What is needed | Reproduce the records exactly, beginning with their first line and ending with the line that contains "canonical_word p w", and output nothing more.

(Extracted records)
· · · · ·
lemma val_pq_prefix_in_Nats:
  assumes "val_pq p q (u @ [a]) = real n"
  obtains m where "val_pq p q u = real m" and "q * n = p * m + a"
proof -
  have pv: "real p * val_pq p q u = real (q * n) - real a"
    using assms q_gt_1 by (simp add: val_pq_snoc field_simps)
  have "coprime (int p) (int q ^ length u)"
    using coprime_pq by simp
  moreover have "of_int (int p) * val_pq p q u \<in> \<int>"
    by (simp add: pv)
  moreover have "of_int (int q ^ length u) * val_pq p q u \<in> \<int>"
    using q_gt_1 by (simp flip: val_numer_eq)
  ultimately have "val_pq p q u \<in> \<int>"
    by (rule Ints_if_coprime_multiples)
  then have "val_pq p q u \<in> \<nat>"
    using Nats_altdef2 val_pq_nonneg by blast
  then obtain m where m: "val_pq p q u = real m"
    by (auto elim: Nats_cases)
  with pv have "real (q * n) = real (p * m + a)"
    by simp
  then have "q * n = p * m + a"
    by (simp only: of_nat_eq_iff)
  with m show thesis by (rule that)
qed

lemma canonical_rep_exists: "\<exists>w. canonical_word p w \<and> val_pq p q w = real n"
proof (induction n rule: less_induct)
  case (less n)
  show ?case
  proof (cases "n = 0")
    case True
    then show ?thesis by (intro exI[of _ "[]"]) (simp add: canonical_word_def)
  next
    case False
    define m a where "m = q * n div p" and "a = q * n mod p"
    have qn: "q * n = p * m + a" and "a < p"
      using q_less_p by (simp_all add: m_def a_def)
    have "m < n"
      using digit_step_less qn False by blast
    then obtain u where u: "canonical_word p u" "val_pq p q u = real m"
      using less by auto
    have "a \<noteq> 0" if "u = []"
    proof -
      have "m = 0" using that u(2) by simp
      then have "a = q * n" using qn by simp
      then show ?thesis using q_gt_1 False by simp
    qed
    moreover have "val_pq p q (u @ [a]) = real n"
    proof -
      have "real q * real n = real p * real m + real a"
        using arg_cong[OF qn, of real] by simp
      then show ?thesis using u(2) q_gt_1 by (simp add: val_pq_snoc field_simps)
    qed
    ultimately show ?thesis
      using u(1) \<open>a < p\<close> by (intro exI[of _ "u @ [a]"]) (auto simp: canonical_word_snoc_iff)
  qed
qed
(* Let $(X,d,\mu)$ be a space of homogeneous type, let $p(\cdot)$ be an exponent, and let $w\in A_{p(\cdot)}$. Then there exists a constant $C$ depending on $p(\cdot)$ and $w$ such that for every ball $B$ and every measurable set $E\subset B$, \[ \frac{\mu(E)}{\mu(B)}\le C\,\frac{\|w\chi_E\|_{p(\cdot)}}{\|w\chi_B\|_{p(\cdot)}}. \]
   Context: A space of homogeneous type $(X,d,\mu)$: $X$ nonempty, $d$ a quasi-metric ($d(x,y)=0$ iff $x=y$, symmetric, $d(x,y)\le A_0(d(x,z)+d(z,y))$ for some $A_0\ge1$), $\mu$ a regular measure on the $\sigma$-algebra generated by balls $B(x,r)=\{y:d(x,y)<r\}$ and open sets, with $0<\mu(B(x,2r))\le C_\mu\mu(B(x,r))<\infty$. An exponent is a measurable $p:X\to[1,\infty]$. With $X_\infty=\{p=\infty\}$, $\rho_{p(\cdot)}(f)=\int_{X\setminus X_\infty}|f(x)|^{p(x)}d\mu+\|f\|_{L^\infty(X_\infty)}$ and $\|f\|_{p(\cdot)}=\inf\{\lambda>0:\rho_{p(\cdot)}(f/\lambda)\le1\}$; $p'(x)=p(x)/(p(x)-1)$ (with $1/0=\infty$, $1/\infty=0$). A weight is a locally integrable $w:X\to[0,\infty]$ with $0<w<\infty$ a.e.; $w\in A_{p(\cdot)}$ means there is $K$ with $\|w\chi_B\|_{p(\cdot)}\|w^{-1}\chi_B\|_{p'(\cdot)}\le K\mu(B)$ for every ball $B$. *)

theory Defs
  imports "HOL-Analysis.Analysis"
begin

text \<open>The underlying set X is represented by space M.\<close>

definition qball :: "'a set \<Rightarrow> ('a \<Rightarrow> 'a \<Rightarrow> real) \<Rightarrow> 'a \<Rightarrow> real \<Rightarrow> 'a set" where
  "qball X d x r = {y \<in> X. d x y < r}"

definition is_qball :: "'a set \<Rightarrow> ('a \<Rightarrow> 'a \<Rightarrow> real) \<Rightarrow> 'a set \<Rightarrow> bool" where
  "is_qball X d B \<longleftrightarrow> (\<exists>x\<in>X. \<exists>r>0. B = qball X d x r)"

definition qopen :: "'a set \<Rightarrow> ('a \<Rightarrow> 'a \<Rightarrow> real) \<Rightarrow> 'a set \<Rightarrow> bool" where
  "qopen X d U \<longleftrightarrow> U \<subseteq> X \<and> (\<forall>x\<in>U. \<exists>r>0. qball X d x r \<subseteq> U)"

definition quasi_metric :: "'a set \<Rightarrow> ('a \<Rightarrow> 'a \<Rightarrow> real) \<Rightarrow> real \<Rightarrow> bool" where
  "quasi_metric X d A0 \<longleftrightarrow> A0 \<ge> 1 \<and>
     (\<forall>x\<in>X. \<forall>y\<in>X. d x y \<ge> 0 \<and> (d x y = 0 \<longleftrightarrow> x = y) \<and> d x y = d y x) \<and>
     (\<forall>x\<in>X. \<forall>y\<in>X. \<forall>z\<in>X. d x y \<le> A0 * (d x z + d z y))"

definition regular_measure :: "('a \<Rightarrow> 'a \<Rightarrow> real) \<Rightarrow> 'a measure \<Rightarrow> bool" where
  "regular_measure d M \<longleftrightarrow>
     (\<forall>E\<in>sets M. emeasure M E =
        (INF U\<in>{U. qopen (space M) d U \<and> E \<subseteq> U}. emeasure M U))"

definition homogeneous_type :: "('a \<Rightarrow> 'a \<Rightarrow> real) \<Rightarrow> 'a measure \<Rightarrow> bool" where
  "homogeneous_type d M \<longleftrightarrow> space M \<noteq> {} \<and>
     (\<exists>A0. quasi_metric (space M) d A0) \<and>
     sets M = sigma_sets (space M)
        ({B. is_qball (space M) d B} \<union> {U. qopen (space M) d U}) \<and>
     regular_measure d M \<and>
     (\<exists>C\<mu>. \<forall>x\<in>space M. \<forall>r>0.
        0 < emeasure M (qball (space M) d x (2*r)) \<and>
        emeasure M (qball (space M) d x (2*r)) \<le> ennreal C\<mu> * emeasure M (qball (space M) d x r) \<and>
        emeasure M (qball (space M) d x r) < \<infinity>)"

definition exponent :: "'a measure \<Rightarrow> ('a \<Rightarrow> ereal) \<Rightarrow> bool" where
  "exponent M p \<longleftrightarrow> p \<in> borel_measurable M \<and> (\<forall>x\<in>space M. 1 \<le> p x)"

text \<open>Conjugate exponent, with 1/0 = infinity and 1/infinity = 0.\<close>
definition conj_exp :: "('a \<Rightarrow> ereal) \<Rightarrow> 'a \<Rightarrow> ereal" where
  "conj_exp p x = (if p x = 1 then \<infinity> else if p x = \<infinity> then 1
                   else ereal (real_of_ereal (p x) / (real_of_ereal (p x) - 1)))"

definition enn_pow :: "ennreal \<Rightarrow> real \<Rightarrow> ennreal" where
  "enn_pow t q = (if t = \<infinity> then \<infinity> else ennreal (enn2real t powr q))"

definition Linf_on :: "'a measure \<Rightarrow> 'a set \<Rightarrow> ('a \<Rightarrow> ennreal) \<Rightarrow> ennreal" where
  "Linf_on M S f = Inf {c. AE x in M. x \<in> S \<longrightarrow> f x \<le> c}"

definition modular :: "'a measure \<Rightarrow> ('a \<Rightarrow> ereal) \<Rightarrow> ('a \<Rightarrow> ennreal) \<Rightarrow> ennreal" where
  "modular M p f =
     (\<integral>\<^sup>+ x. indicator {x \<in> space M. p x \<noteq> \<infinity>} x * enn_pow (f x) (real_of_ereal (p x)) \<partial>M)
     + Linf_on M {x \<in> space M. p x = \<infinity>} f"

definition vnorm :: "'a measure \<Rightarrow> ('a \<Rightarrow> ereal) \<Rightarrow> ('a \<Rightarrow> ennreal) \<Rightarrow> ennreal" where
  "vnorm M p f = Inf {ennreal t | t. t > 0 \<and> modular M p (\<lambda>x. f x / ennreal t) \<le> 1}"

definition weight :: "('a \<Rightarrow> 'a \<Rightarrow> real) \<Rightarrow> 'a measure \<Rightarrow> ('a \<Rightarrow> ennreal) \<Rightarrow> bool" where
  "weight d M w \<longleftrightarrow> w \<in> borel_measurable M \<and>
     (\<forall>B. is_qball (space M) d B \<longrightarrow> (\<integral>\<^sup>+ x\<in>B. w x \<partial>M) < \<infinity>) \<and>
     (AE x in M. 0 < w x \<and> w x < \<infinity>)"

definition A_p :: "('a \<Rightarrow> 'a \<Rightarrow> real) \<Rightarrow> 'a measure \<Rightarrow> ('a \<Rightarrow> ereal) \<Rightarrow> ('a \<Rightarrow> ennreal) \<Rightarrow> bool" where
  "A_p d M p w \<longleftrightarrow> weight d M w \<and>
     (\<exists>K::real. \<forall>B. is_qball (space M) d B \<longrightarrow>
        vnorm M p (\<lambda>x. w x * indicator B x) * vnorm M (conj_exp p) (\<lambda>x. inverse (w x) * indicator B x)
          \<le> ennreal K * emeasure M B)"

end

theory Submission
  imports Defs
begin

text \<open>
  Since \<open>0 < w < \<infinity>\<close> a.e. and \<open>E \<subseteq> B\<close>, \<open>\<mu>(E) = \<integral> (w \<chi>\<^sub>E) (w\<^sup>-\<^sup>1 \<chi>\<^sub>B)\<close>.
  Hoelder's inequality for variable exponents bounds this by
  \<open>2 \<parallel>w \<chi>\<^sub>E\<parallel>\<^sub>p \<parallel>w\<^sup>-\<^sup>1 \<chi>\<^sub>B\<parallel>\<^sub>p\<^sub>'\<close>, and the \<open>A\<^sub>p\<close> condition gives
  \<open>\<parallel>w\<^sup>-\<^sup>1 \<chi>\<^sub>B\<parallel>\<^sub>p\<^sub>' \<le> K \<mu>(B) / \<parallel>w \<chi>\<^sub>B\<parallel>\<^sub>p\<close>, so \<open>C = 2 K\<close> works.
  The division is legitimate because both norms of the \<open>A\<^sub>p\<close> product are nonzero
  (a Luxemburg norm vanishes only on null functions, \<open>w > 0\<close> a.e., and balls have
  positive measure) and hence, the product being finite, both are finite.
\<close>

lemma ennreal_le_divide_iff:
  fixes a b c :: ennreal
  assumes "0 < c" and "c < top"
  shows "a \<le> b / c \<longleftrightarrow> a * c \<le> b"
proof -
  obtain t where "c = ennreal t" "0 < t"
    using assms by (cases c rule: ennreal_cases) auto
  then show ?thesis
    by (cases a b rule: ennreal2_cases)
      (auto simp: divide_ennreal ennreal_mult[symmetric] field_simps ennreal_top_divide ennreal_mult_top top_unique)
qed

lemma ennreal_divide_le_iff:
  fixes a b c :: ennreal
  assumes "0 < c" and "c < top"
  shows "b / c \<le> a \<longleftrightarrow> b \<le> a * c"
proof -
  obtain t where "c = ennreal t" "0 < t"
    using assms by (cases c rule: ennreal_cases) auto
  then show ?thesis
    by (cases a b rule: ennreal2_cases)
      (auto simp: divide_ennreal ennreal_mult[symmetric] field_simps ennreal_top_divide ennreal_mult_top top_unique)
qed

lemma ennreal_eq_0_if_le_inverse_Suc:
  fixes x :: ennreal
  assumes "\<And>n. x \<le> ennreal (1 / Suc n)"
  shows "x = 0"
proof -
  have "x \<le> 0 + ennreal e" if e: "0 < e" for e
  proof -
    obtain n where "inverse (real (Suc n)) < e"
      using reals_Archimedean[OF e] ..
    then have "ennreal (1 / Suc n) \<le> ennreal e"
      by (intro ennreal_leI) (simp add: inverse_eq_divide)
    then show ?thesis
      using order_trans[OF assms[of n]] by simp
  qed
  then have "x \<le> 0"
    by (rule ennreal_le_epsilon)
  then show ?thesis
    by simp
qed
· · · · ·
Task result |
lemma val_pq_prefix_in_Nats:
  assumes "val_pq p q (u @ [a]) = real n"
  obtains m where "val_pq p q u = real m" and "q * n = p * m + a"
proof -
  have pv: "real p * val_pq p q u = real (q * n) - real a"
    using assms q_gt_1 by (simp add: val_pq_snoc field_simps)
  have "coprime (int p) (int q ^ length u)"
    using coprime_pq by simp
  moreover have "of_int (int p) * val_pq p q u \<in> \<int>"
    by (simp add: pv)
  moreover have "of_int (int q ^ length u) * val_pq p q u \<in> \<int>"
    using q_gt_1 by (simp flip: val_numer_eq)
  ultimately have "val_pq p q u \<in> \<int>"
    by (rule Ints_if_coprime_multiples)
  then have "val_pq p q u \<in> \<nat>"
    using Nats_altdef2 val_pq_nonneg by blast
  then obtain m where m: "val_pq p q u = real m"
    by (auto elim: Nats_cases)
  with pv have "real (q * n) = real (p * m + a)"
    by simp
  then have "q * n = p * m + a"
    by (simp only: of_nat_eq_iff)
  with m show thesis by (rule that)
qed

lemma canonical_rep_exists: "\<exists>w. canonical_word p w \<and> val_pq p q w = real n"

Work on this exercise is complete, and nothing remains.